[Goal of the exercise]
Check each line of the records below and collect those holding "obtain".
[Start of section]
(* Swapping the coordinates in s between the two samples is a bijection of pairs, and for a fixed
   pair only 2^(m-t) swaps per trace K \<inter> Q keep the first sample off K while t points of the
   second fall into K. *)
lemma card_double_samples_le:
  fixes \<K> :: "'a set set" and m t :: nat
  assumes "finite P"
    and traces: "\<And>Q. Q \<subseteq> P \<Longrightarrow> card Q \<le> 2 * m \<Longrightarrow> card {K \<inter> Q | K. K \<in> \<K>} \<le> B"
  defines "E \<equiv> {w \<in> samples m P \<times> samples m P.
                  \<exists>K\<in>\<K>. (\<forall>i<m. fst w i \<notin> K) \<and> t \<le> card {j\<in>{..<m}. snd w j \<in> K}}"
  shows "card E * 2 ^ m \<le> card (samples m P) ^ 2 * B * 2 ^ (m - t)"
proof -
  define \<Omega> where "\<Omega> = samples m P"
  have fin: "finite (\<Omega> \<times> \<Omega>)"
    unfolding \<Omega>_def using assms(1) by (simp add: finite_PiE)
  have E_\<Omega>: "E \<subseteq> \<Omega> \<times> \<Omega>"
    unfolding E_def \<Omega>_def by blast
  have swap_invariant: "card {w \<in> \<Omega> \<times> \<Omega>. swap_at s w \<in> E} = card E" for s
  proof -
    have inj: "inj_on (swap_at s) {w \<in> \<Omega> \<times> \<Omega>. swap_at s w \<in> E}"
      by (rule inj_onI) (metis swap_at_swap_at)
    have img: "swap_at s ` {w \<in> \<Omega> \<times> \<Omega>. swap_at s w \<in> E} = E"
    proof (intro equalityI subsetI)
      fix e assume "e \<in> E"
      then have "swap_at s e \<in> {w \<in> \<Omega> \<times> \<Omega>. swap_at s w \<in> E}"
        using E_\<Omega> swap_at_samples[of e m P s] unfolding \<Omega>_def by auto
      then show "e \<in> swap_at s ` {w \<in> \<Omega> \<times> \<Omega>. swap_at s w \<in> E}"
        by (rule rev_image_eqI) simp
    qed auto
    show ?thesis
      using card_image[OF inj] unfolding img by simp
  qed
  have few_swaps: "card {s \<in> Pow {..<m}. swap_at s w \<in> E} \<le> B * 2 ^ (m - t)" if "w \<in> \<Omega> \<times> \<Omega>" for w
  proof -
    define Q where "Q = fst w ` {..<m} \<union> snd w ` {..<m}"
    have "fst w \<in> \<Omega>" "snd w \<in> \<Omega>"
      using that by auto
    then have "Q \<subseteq> P"
      unfolding Q_def \<Omega>_def by (blast dest: PiE_mem)
    moreover have "card Q \<le> 2 * m"
      using card_Un_le[of "fst w ` {..<m}" "snd w ` {..<m}"]
        card_image_le[of "{..<m}" "fst w"] card_image_le[of "{..<m}" "snd w"]
      unfolding Q_def by simp
    ultimately have bound: "card {K \<inter> Q | K. K \<in> \<K>} * 2 ^ (m - t) \<le> B * 2 ^ (m - t)"
      by (intro mult_le_mono1 traces)
    have "swap_at s w \<in> samples m P \<times> samples m P" for s
      using swap_at_samples that unfolding \<Omega>_def by blast
    then have eq: "{s \<in> Pow {..<m}. swap_at s w \<in> E}
        = {s \<in> Pow {..<m}. \<exists>K\<in>\<K>. (\<forall>i<m. fst (swap_at s w) i \<notin> K)
                                 \<and> t \<le> card {j\<in>{..<m}. snd (swap_at s w) j \<in> K}}"
      unfolding E_def by simp
    show ?thesis
      unfolding eq using order_trans[OF card_swaps_some_separating_le bound[unfolded Q_def]] .
  qed
  have "card E * 2 ^ m = (\<Sum>s\<in>Pow {..<m}. card {w \<in> \<Omega> \<times> \<Omega>. swap_at s w \<in> E})"
    by (simp add: swap_invariant card_Pow)
  also have "\<dots> = (\<Sum>w\<in>\<Omega> \<times> \<Omega>. card {s \<in> Pow {..<m}. swap_at s w \<in> E})"
    using fin by (intro sum_card_filter_swap) simp_all
  also have "\<dots> \<le> (\<Sum>w\<in>\<Omega> \<times> \<Omega>. B * 2 ^ (m - t))"
    by (intro sum_mono few_swaps)
  also have "\<dots> = card \<Omega> ^ 2 * B * 2 ^ (m - t)"
    by (simp add: card_cartesian_product power2_eq_square)
  finally show ?thesis
    unfolding \<Omega>_def .
qed

lemma card_double_samples_vc_le:
  fixes \<K> :: "'a set set" and m t d :: nat
  assumes "finite P" "\<And>S. S \<subseteq> P \<Longrightarrow> shatters \<K> S \<Longrightarrow> card S \<le> d"
  defines "E \<equiv> {w \<in> samples m P \<times> samples m P.
                  \<exists>K\<in>\<K>. (\<forall>i<m. fst w i \<notin> K) \<and> t \<le> card {j\<in>{..<m}. snd w j \<in> K}}"
  shows "card E * 2 ^ m \<le> card (samples m P) ^ 2 * (2 * m + 1) ^ d * 2 ^ (m - t)"
  unfolding E_def
proof (rule card_double_samples_le[OF assms(1)])
  fix Q assume "Q \<subseteq> P" "card Q \<le> 2 * m"
  then have "card {K \<inter> Q | K. K \<in> \<K>} \<le> (card Q + 1) ^ d"
    using assms(1,2) by (intro Sauer_Shelah) (auto intro: finite_subset)
  also have "\<dots> \<le> (2 * m + 1) ^ d"
    using \<open>card Q \<le> 2 * m\<close> by (intro power_mono) auto
  finally show "card {K \<inter> Q | K. K \<in> \<K>} \<le> (2 * m + 1) ^ d" .
qed

(* A sample x missing some K in \<K>, paired with any of the at least 31/32 of all samples that hit
   K 64 times, lies in the double-sample set E; comparing with the upper bound for E gives the
   claim. *)
lemma card_samples_missing_heavy_set_le:
  fixes \<K> :: "'a set set"
  assumes "finite P" "P \<noteq> {}"
    and vc: "\<And>S. S \<subseteq> P \<Longrightarrow> shatters \<K> S \<Longrightarrow> card S \<le> 4"
    and heavy: "\<And>K. K \<in> \<K> \<Longrightarrow> card P \<le> 4 * card (K \<inter> P)"
  shows "real (card {x \<in> samples 512 P. \<exists>K\<in>\<K>. \<forall>i<512. x i \<notin> K}) \<le> real (card P) ^ 512 / 4"
proof -
  define m :: nat where "m = 512"
  define \<Omega> where "\<Omega> = samples m P"
  define N where "N = real (card P) ^ m"
  define Fail where "Fail = {x \<in> \<Omega>. \<exists>K\<in>\<K>. \<forall>i<m. x i \<notin> K}"
  define E where "E = {w \<in> \<Omega> \<times> \<Omega>. \<exists>K\<in>\<K>. (\<forall>i<m. fst w i \<notin> K) \<and> 64 \<le> card {j\<in>{..<m}. snd w j \<in> K}}"
  have "N > 0"
    unfolding N_def using assms(1,2) by (simp add: card_gt_0_iff)
  have fin: "finite \<Omega>"
    unfolding \<Omega>_def using assms(1) by (simp add: finite_PiE)
  have card_\<Omega>: "real (card \<Omega>) = N"
    unfolding \<Omega>_def N_def using assms(1) by (simp add: card_PiE)
  have upper: "real (card E) * 2 ^ 64 \<le> N\<^sup>2 * 1025 ^ 4"
  proof -
    have "(card E * 2 ^ 64) * 2 ^ (m - 64) \<le> (card \<Omega> ^ 2 * 1025 ^ 4) * 2 ^ (m - 64)"
      using card_double_samples_vc_le[OF assms(1) vc, where m = m and t = 64]
      unfolding E_def \<Omega>_def m_def by (simp only: mult.assoc flip: power_add) simp
    then have "card E * 2 ^ 64 \<le> card \<Omega> ^ 2 * 1025 ^ 4"
      by (simp only: mult_le_cancel2) simp
    then have "real (card E * 2 ^ 64) \<le> real (card \<Omega> ^ 2 * 1025 ^ 4)"
      by (simp only: of_nat_le_iff)
    then show ?thesis
      using card_\<Omega> by simp
  qed
  have "\<forall>x\<in>Fail. \<exists>K. K \<in> \<K> \<and> (\<forall>i<m. x i \<notin> K)"
    unfolding Fail_def by blast
  from bchoice[OF this] obtain K_of where K_of: "\<forall>x\<in>Fail. K_of x \<in> \<K> \<and> (\<forall>i<m. x i \<notin> K_of x)"
    by blast
  define Y where "Y x = {y \<in> \<Omega>. 64 \<le> card {j\<in>{..<m}. y j \<in> K_of x}}" for x
  have "Sigma Fail Y \<subseteq> E"
  proof
    fix w assume "w \<in> Sigma Fail Y"
    then obtain x y where w: "w = (x, y)" "x \<in> Fail" "y \<in> Y x"
      by blast
    then have "x \<in> \<Omega>" "y \<in> \<Omega>" "K_of x \<in> \<K>" "\<forall>i<m. x i \<notin> K_of x"
      "64 \<le> card {j\<in>{..<m}. y j \<in> K_of x}"
      using K_of unfolding Fail_def Y_def by auto
    then show "w \<in> E"
      unfolding E_def w mem_Collect_eq fst_conv snd_conv by blast
  qed
  then have "real (card (Sigma Fail Y)) \<le> real (card E)"
    using fin unfolding E_def by (intro of_nat_mono card_mono) auto
  moreover have "real (card Fail) * (31 / 32 * N) \<le> real (card (Sigma Fail Y))"
  proof -
    have "real (card Fail) * (31 / 32 * N) = (\<Sum>x\<in>Fail. 31 / 32 * N)"
      by simp
    also have "\<dots> \<le> (\<Sum>x\<in>Fail. real (card (Y x)))"
      using card_samples_many_hits_ge[OF assms(1,2) heavy] K_of
      unfolding Y_def \<Omega>_def N_def m_def by (intro sum_mono) simp
    also have "\<dots> = real (card (Sigma Fail Y))"
      using fin unfolding Fail_def Y_def by (simp add: card_SigmaI)
    finally show ?thesis .
  qed
  ultimately have "real (card Fail) * (31 / 32 * N) * 2 ^ 64 \<le> N\<^sup>2 * 1025 ^ 4"
    using upper by (smt (verit) mult_right_mono zero_le_power)
  then have "real (card Fail) * (31 / 32 * 2 ^ 64) \<le> N * 1025 ^ 4"
    using \<open>N > 0\<close> by (simp add: power2_eq_square algebra_simps)
  then have "real (card Fail) \<le> N / 4"
    using \<open>N > 0\<close> by simp
  then show ?thesis
    unfolding Fail_def \<Omega>_def N_def m_def .
qed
[End of section]
[Problem solution]
  from bchoice[OF this] obtain K_of where K_of: "\<forall>x\<in>Fail. K_of x \<in> \<K> \<and> (\<forall>i<m. x i \<notin> K_of x)"
    then obtain x y where w: "w = (x, y)" "x \<in> Fail" "y \<in> Y x"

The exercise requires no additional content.